(* Let $k$ be a job such that there is exactly one job $j$ for which $(j,k)$ is a red pair. Then, in the schedule produced by $1$-SORT, \[ \frac{\sigma_k+D(j,k)}{\sigma_k+D^*(j,k)}\le\frac{\nu+\nu^2+2+\frac{2}{\mu}}{\nu+\nu^2+1+\frac{1}{\mu}}. \]
   Context: Setting: single machine, jobs $J=\{1,\dots,n\}$, each job $j$ with test time $t_j\ge0$ and processing time $p_j\ge0$ (revealed only when the test is executed); each job's test must be executed before its processing part, which may start any time after the test; operations are non-preemptive and the machine does one at a time. $\sigma_j=t_j+p_j$, $m_j=\max\{t_j,p_j\}$. Standing assumption (general position): no two of the $3n$ numbers $t_j,p_j,\sigma_j$ are equal, and $\sigma_k>0$. Algorithm $1$-SORT: keep a priority queue of available operations, initially the test of every job $j$ with priority $t_j$; repeatedly remove a minimum-priority operation and execute it immediately; after executing the test of $j$, insert the processing part of $j$ with priority $p_j$. For distinct jobs $j,k$, let $d_{k,j}$ be the total amount of time during which operations of $k$ are executed before the completion time of $j$, and $D(j,k)=d_{j,k}+d_{k,j}$, evaluated for the $1$-SORT schedule; $D^*(j,k)=\min\{\sigma_j,\sigma_k\}$. Fix constants $\mu>1$ and $0<\nu<1$ with $\mu\nu>1$ and $1+\frac1\mu\le\nu+\nu^2$. A job $j$ is imbalanced if $m_j\ge\mu\min\{t_j,p_j\}$. For distinct jobs $j,k$, the ordered pair $(j,k)$ is a red pair if $j$ is imbalanced, $m_j\ge t_k\ge\nu m_j$, and $p_k\ge\nu t_k$. *)

theory Defs
  imports Main "HOL.Real"
begin

datatype 'a operation = Test 'a | Proc 'a

fun op_job :: "'a operation \<Rightarrow> 'a" where
  "op_job (Test j) = j"
| "op_job (Proc j) = j"

text \<open>Length of an operation; also its priority in 1-SORT.\<close>
fun op_len :: "('a \<Rightarrow> real) \<Rightarrow> ('a \<Rightarrow> real) \<Rightarrow> 'a operation \<Rightarrow> real" where
  "op_len t p (Test j) = t j"
| "op_len t p (Proc j) = p j"

definition available :: "'a set \<Rightarrow> 'a operation list \<Rightarrow> 'a operation set" where
  "available J xs =
     {Test j | j. j \<in> J \<and> Test j \<notin> set xs}
   \<union> {Proc j | j. j \<in> J \<and> Test j \<in> set xs \<and> Proc j \<notin> set xs}"

text \<open>Operations are executed back to back starting at time 0.\<close>
definition one_sort_order ::
  "'a set \<Rightarrow> ('a \<Rightarrow> real) \<Rightarrow> ('a \<Rightarrow> real) \<Rightarrow> 'a operation list \<Rightarrow> bool" where
  "one_sort_order J t p ops \<longleftrightarrow>
     length ops = 2 * card J \<and>
     (\<forall>i < length ops. ops ! i \<in> available J (take i ops) \<and>
        (\<forall>q \<in> available J (take i ops). op_len t p (ops ! i) \<le> op_len t p q))"

text \<open>d k j: total time during which operations of k are executed before the completion
  time of j (the completion of j's processing part).\<close>
definition dd :: "('a \<Rightarrow> real) \<Rightarrow> ('a \<Rightarrow> real) \<Rightarrow> 'a operation list \<Rightarrow> 'a \<Rightarrow> 'a \<Rightarrow> real" where
  "dd t p ops k j =
     sum_list (map (op_len t p) (filter (\<lambda>q. op_job q = k) (takeWhile (\<lambda>q. q \<noteq> Proc j) ops)))"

_To do_
Exactly the lines from the one with "set \<Rightarrow> 'a" through the end of the entries, both included, should be written out, and no others.

_Result for this exercise_
definition available :: "'a set \<Rightarrow> 'a operation list \<Rightarrow> 'a operation set" where
  "available J xs =
     {Test j | j. j \<in> J \<and> Test j \<notin> set xs}
   \<union> {Proc j | j. j \<in> J \<and> Test j \<in> set xs \<and> Proc j \<notin> set xs}"

text \<open>Operations are executed back to back starting at time 0.\<close>
definition one_sort_order ::
  "'a set \<Rightarrow> ('a \<Rightarrow> real) \<Rightarrow> ('a \<Rightarrow> real) \<Rightarrow> 'a operation list \<Rightarrow> bool" where
  "one_sort_order J t p ops \<longleftrightarrow>
     length ops = 2 * card J \<and>
     (\<forall>i < length ops. ops ! i \<in> available J (take i ops) \<and>
        (\<forall>q \<in> available J (take i ops). op_len t p (ops ! i) \<le> op_len t p q))"

text \<open>d k j: total time during which operations of k are executed before the completion
  time of j (the completion of j's processing part).\<close>
definition dd :: "('a \<Rightarrow> real) \<Rightarrow> ('a \<Rightarrow> real) \<Rightarrow> 'a operation list \<Rightarrow> 'a \<Rightarrow> 'a \<Rightarrow> real" where
  "dd t p ops k j =
     sum_list (map (op_len t p) (filter (\<lambda>q. op_job q = k) (takeWhile (\<lambda>q. q \<noteq> Proc j) ops)))"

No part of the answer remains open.